The Obama housing plan is aimed at “rescuing families who played by the rules and acted responsibly…it will not rescue the unscrupulous or irresponsible by throwing good taxpayer money after bad loans.” That’s direct from the President.
Well here’s the problem: the rules have changed.
During the height of the housing boom there were plenty of borrowers who listened to mortgage brokers, mortgage brokers who told them that even though the loan seemed unaffordable, well the value of the home would increase, so they could just refi later. There were also plenty of borrowers who knew full well that they were biting off more than they could chew, but who saw low low rates and figured they’d take a gamble. These were not all the dreaded “speculators” (real estate investors). And isn’t everyone, by the way, who buys a home a real estate investor? But I digress. I just want some clarification as to what it means to play by the rules.
The Obama housing plan looks to help out “at-risk” borrowers who can no longer afford to make their monthly payments. It requires any lender (bank) that receives TARP money to participate. It gives other lenders the incentive of a government matching program to help offset the losses of lowering the monthly payments. It also allows conforming loan holders to refi, even if they don’t It’s a start, but I’m afraid it won’t address the full force of this housing crisis.
First, I just don’t like the idea, whether it’s presidential pontificating or not, of claiming that some borrowers are irresponsible and some are not. Plenty of Americans have poured their money into the stock market at various times, trusting their retirements to a risky game, and most of us now are the losers. Does that mean we were irresponsible in our choice? Because the market usually goes up??
A lot of people bought into a booming housing market, not realizing that the fall would be so hard and so fast. I think plenty of borrowers were personally irresponsible in this particular investment gamble, because they didn’t consider the fact that home prices could fall. Others pulled far too much equity out of their homes, refinancing to get cash, again not considering that prices could fall. But if that’s the case, then nobody should be eligible for this plan. To say that only investor “speculators” are irresponsible is bunk. Lenders were irresponsible, of course, but it takes two to tango.

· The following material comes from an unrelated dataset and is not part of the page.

(* Let $C_1,C_2$ be compatible counting-star formulas and let $E\wedge H$ be a derivation result of $S_{\{1\}}(C_1)*S_{\{2\}}(C_2)$. Then $E\wedge H\Rightarrow S_{\{1\}}(C_1)*S_{\{2\}}(C_2)$ is valid (true in every $L'$-environment).
   Context: BASE. Fix a finite vocabulary $L=\mathcal A\cup\mathcal F$ ($\mathcal A$ unary, $\mathcal F$ binary predicate symbols); equality is a logical symbol not in $\mathcal F$, always interpreted as identity. Formulas: first-order logic with equality, counting quantifiers $\exists^{\ge k}x.G$, $\exists^{=k}x.G$, and spatial conjunction $*$. An environment has a finite nonempty domain $D$, interpretations of the predicate symbols, and an assignment to variables. $\mathrm{split}\,e\,[e_1,\dots,e_r]$ (same domain, same variable assignment) holds iff for each predicate symbol $P$, $e(P)$ is the disjoint union of the $e_i(P)$; $[\![G_1*G_2]\!]e$ holds iff some $e_1,e_2$ with $\mathrm{split}\,e\,[e_1,e_2]$ satisfy $[\![G_1]\!]e_1$, $[\![G_2]\!]e_2$. $G\sim H$ means equal truth values in all environments. NORMAL FORMS. Atoms over distinct variables $u_1,\dots,u_p$ are $A(u_i)$, $f(u_i,u_j)$, $u_i=u_j$; a GCCAT formula over them contains for each such atom exactly one of the atom or its negation (nothing else), with $u_i=u_j$ positive iff $i=j$. Fix distinct $x_1,\dots,x_n$ and $x$. $\mathrm{ext}(x_1,\dots,x_n;x)$ is the set of conjunctions containing, for each atom over $x,x_1,\dots,x_n$ containing $x$, exactly one of the atom or its negation, with $x=x$ positive and $x=x_i$, $x_i=x$ negated. For $p\ge1$, $C_p=\{0,\dots,p-1,p^+\}$; $\exists^{c}x.G$ means $\exists^{=c}x.G$ for integer $c$ and $\exists^{\ge p}x.G$ for $c=p^+$. A counting-star formula is $C=E\wedge F\wedge\bigwedge_{i=1}^{k}\exists^{s_i}x.F'_i$ with $E=\bigwedge_{j=1}^m y_j=x_{i_j}$ ($y_j$ distinct variables not among $x,x_1,\dots,x_n$), $F$ GCCAT over $x_1,\dots,x_n$, $F'_1,\dots,F'_k$ an enumeration of $\mathrm{ext}(x_1,\dots,x_n;x)$, $s_i\in C_q$ for some $q\ge2$. Two counting-star formulas are compatible if they have the same equality part $E$ and GCCAT parts $F_1,F_2$ over the same $x_1,\dots,x_n$. OPERATIONS. $\mathrm{Pos}(T)$ is the set of non-equality positive literals of a conjunction $T$. For $T_1,T_2\in\mathrm{ext}(x_1,\dots,x_n;x)$, $T_1\oplus T_2$ is defined iff $\mathrm{Pos}(T_1)\cap\mathrm{Pos}(T_2)=\emptyset$ and is the unique $T\in\mathrm{ext}$ with $\mathrm{Pos}(T)=\mathrm{Pos}(T_1)\cup\mathrm{Pos}(T_2)$; for GCCAT $F_1,F_2$ over $x_1,\dots,x_n$, $F_1\otimes F_2$ is defined iff $\mathrm{Pos}(F_1)\cap\mathrm{Pos}(F_2)=\emptyset$ and is the unique GCCAT $F$ over $x_1,\dots,x_n$ with $\mathrm{Pos}(F)=\mathrm{Pos}(F_1)\cup\mathrm{Pos}(F_2)$. TRANSLATION. $L'=L\cup\{B_1,B_2\}$ (new unary symbols, split by $*$ like all others). $\mathrm{Mark}_\emptyset(x)=\neg B_1(x)\wedge\neg B_2(x)$, $\mathrm{Mark}_{\{1\}}(x)=B_1(x)\wedge\neg B_2(x)$, $\mathrm{Mark}_{\{2\}}(x)=\neg B_1(x)\wedge B_2(x)$, $\mathrm{Mark}_{\{1,2\}}(x)=B_1(x)\wedge B_2(x)$. $\mathcal E_0$: GCCAT over $x_1,\dots,x_n$ whose only positive literals are $x_i=x_i$; $\varnothing_x$: element of $\mathrm{ext}$ whose only positive literal is $x=x$; $\delta(x):=\bigwedge_i x\ne x_i$. $G_E:=\mathcal E_0\wedge\forall x.(\delta(x)\to\varnothing_x\wedge\mathrm{Mark}_\emptyset(x))$; $K(F):=F\wedge\forall x.(\delta(x)\to\varnothing_x\wedge\mathrm{Mark}_\emptyset(x))$; $\mathrm{Any}_m(T):=\mathcal E_0\wedge\forall x.(\delta(x)\to(T\wedge\mathrm{Mark}_m(x))\vee(\varnothing_x\wedge\mathrm{Mark}_\emptyset(x)))$; $\mathrm{One}_m(T):=\mathrm{Any}_m(T)\wedge\exists^{=1}x.(\delta(x)\wedge T\wedge\mathrm{Mark}_m(x))$. $X_m(\exists^{0}x.T):=G_E$, $X_m(\exists^{i+1}x.T):=\mathrm{One}_m(T)*X_m(\exists^{i}x.T)$, $X_m(\exists^{p^+}x.T):=X_m(\exists^{p}x.T)*\mathrm{Any}_m(T)$. $S_m(C):=E\wedge\big(K(F)*X_m(\exists^{s_1}x.F'_1)*\dots*X_m(\exists^{s_k}x.F'_k)\big)$. RULES (when $T_1\oplus T_2$ is defined): (1) $\mathrm{One}_{\{1\}}(T_1)*\mathrm{One}_{\{2\}}(T_2)\to\mathrm{One}_{\{1,2\}}(T_1\oplus T_2)$; (2) $\mathrm{One}_{\{1\}}(T_1)*\mathrm{Any}_{\{2\}}(T_2)\to\mathrm{One}_{\{1,2\}}(T_1\oplus T_2)*\mathrm{Any}_{\{2\}}(T_2)$; (3) $\mathrm{Any}_{\{1\}}(T_1)*\mathrm{One}_{\{2\}}(T_2)\to\mathrm{Any}_{\{1\}}(T_1)*\mathrm{One}_{\{1,2\}}(T_1\oplus T_2)$; (4) $\mathrm{Any}_{\{1\}}(T_1)*\mathrm{Any}_{\{2\}}(T_2)\to\mathrm{Any}_{\{1\}}(T_1)*\mathrm{Any}_{\{2\}}(T_2)*\mathrm{Any}_{\{1,2\}}(T_1\oplus T_2)$; (5) $\mathrm{Any}_{\{1\}}(T)\to G_E$; (6) $\mathrm{Any}_{\{2\}}(T)\to G_E$. DERIVATION. For compatible $C_1=E\wedge F_1\wedge\dots$, $C_2=E\wedge F_2\wedge\dots$, write $S_{\{1\}}(C_1)*S_{\{2\}}(C_2)$ as $E\wedge W$ where $W$ is the spatial conjunction of $K(F_1)$, $K(F_2)$ and all the (unfolded) $\mathrm{One}_m$, $\mathrm{Any}_m$, $G_E$ conjuncts of the $X_{\{1\}}$ and $X_{\{2\}}$ parts. $E\wedge H$ is a derivation result if $H$ is obtained from $W$ by: first replacing $K(F_1)*K(F_2)$ by $K(F_1\otimes F_2)$ if defined, and by $\mathit{false}$ otherwise; then applying finitely many rule instances of (1)–(6), each replacing a spatial sub-conjunction matching a rule's left side by its right side, working modulo associativity and commutativity of $*$, the unit law $G*G_E\sim G$ and idempotence $\mathrm{Any}_m(T)*\mathrm{Any}_m(T)\sim\mathrm{Any}_m(T)$, with all applications of (1)–(4) preceding those of (5)–(6); and such that in the end, apart from the $K$-conjunct, $H$ contains only conjuncts of the forms $\mathrm{One}_{\{1,2\}}(T)$ and $\mathrm{Any}_{\{1,2\}}(T)$. *)

theory Defs
  imports Main "HOL-Library.Multiset"
begin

Second, the mortgage rate reductions are only temporary, five years, “after which it could gradually be stepped up to the conforming loan rate in place at the time of the modification.” So are we just putting off the inevitable and looking at more defaults down the road?
Third, this plan really penalizes borrowers with jumbo loans, only allowing the refi option for conforming, Fannie Freddie-owned or guaranteed loans. I guess the theory behind that is that we don’t want to reward rich folks. But during the height of the housing boom, the median price of a home in California was over $500,000, higher than the conforming loan limit at the time, so not Fannie and Freddie loans. California represents a huge percentage of the total foreclosures in the U-S, and home prices there have fallen around 40% from their peak, so clearly, not allowing jumbos is going to affect a lot of borrowers who could have really benefited from a refi.
I’m just concerned about who is going to qualify for this modification plan and who is not. And I’m more concerned that there are an awful lot of borrowers who are so deep in trouble that they don’t even want the modification. Seriously. I’m hearing more and more about borrowers walking away because they don’t want to spend the rest of their lives paying for a home that will net them nothing in the end.
I applaud the administration for giving us a plan that is broader than most of us expected. I don't envy their job in trying to fix this mess.
As I've always said, some people can be helped, and the government can throw a lot of money at the problem, but in the end this will have to be a painful correction where many borrowers lose their homes, many more lose home equity and prices bottom when they simply become too attractive for new buyers to stay away.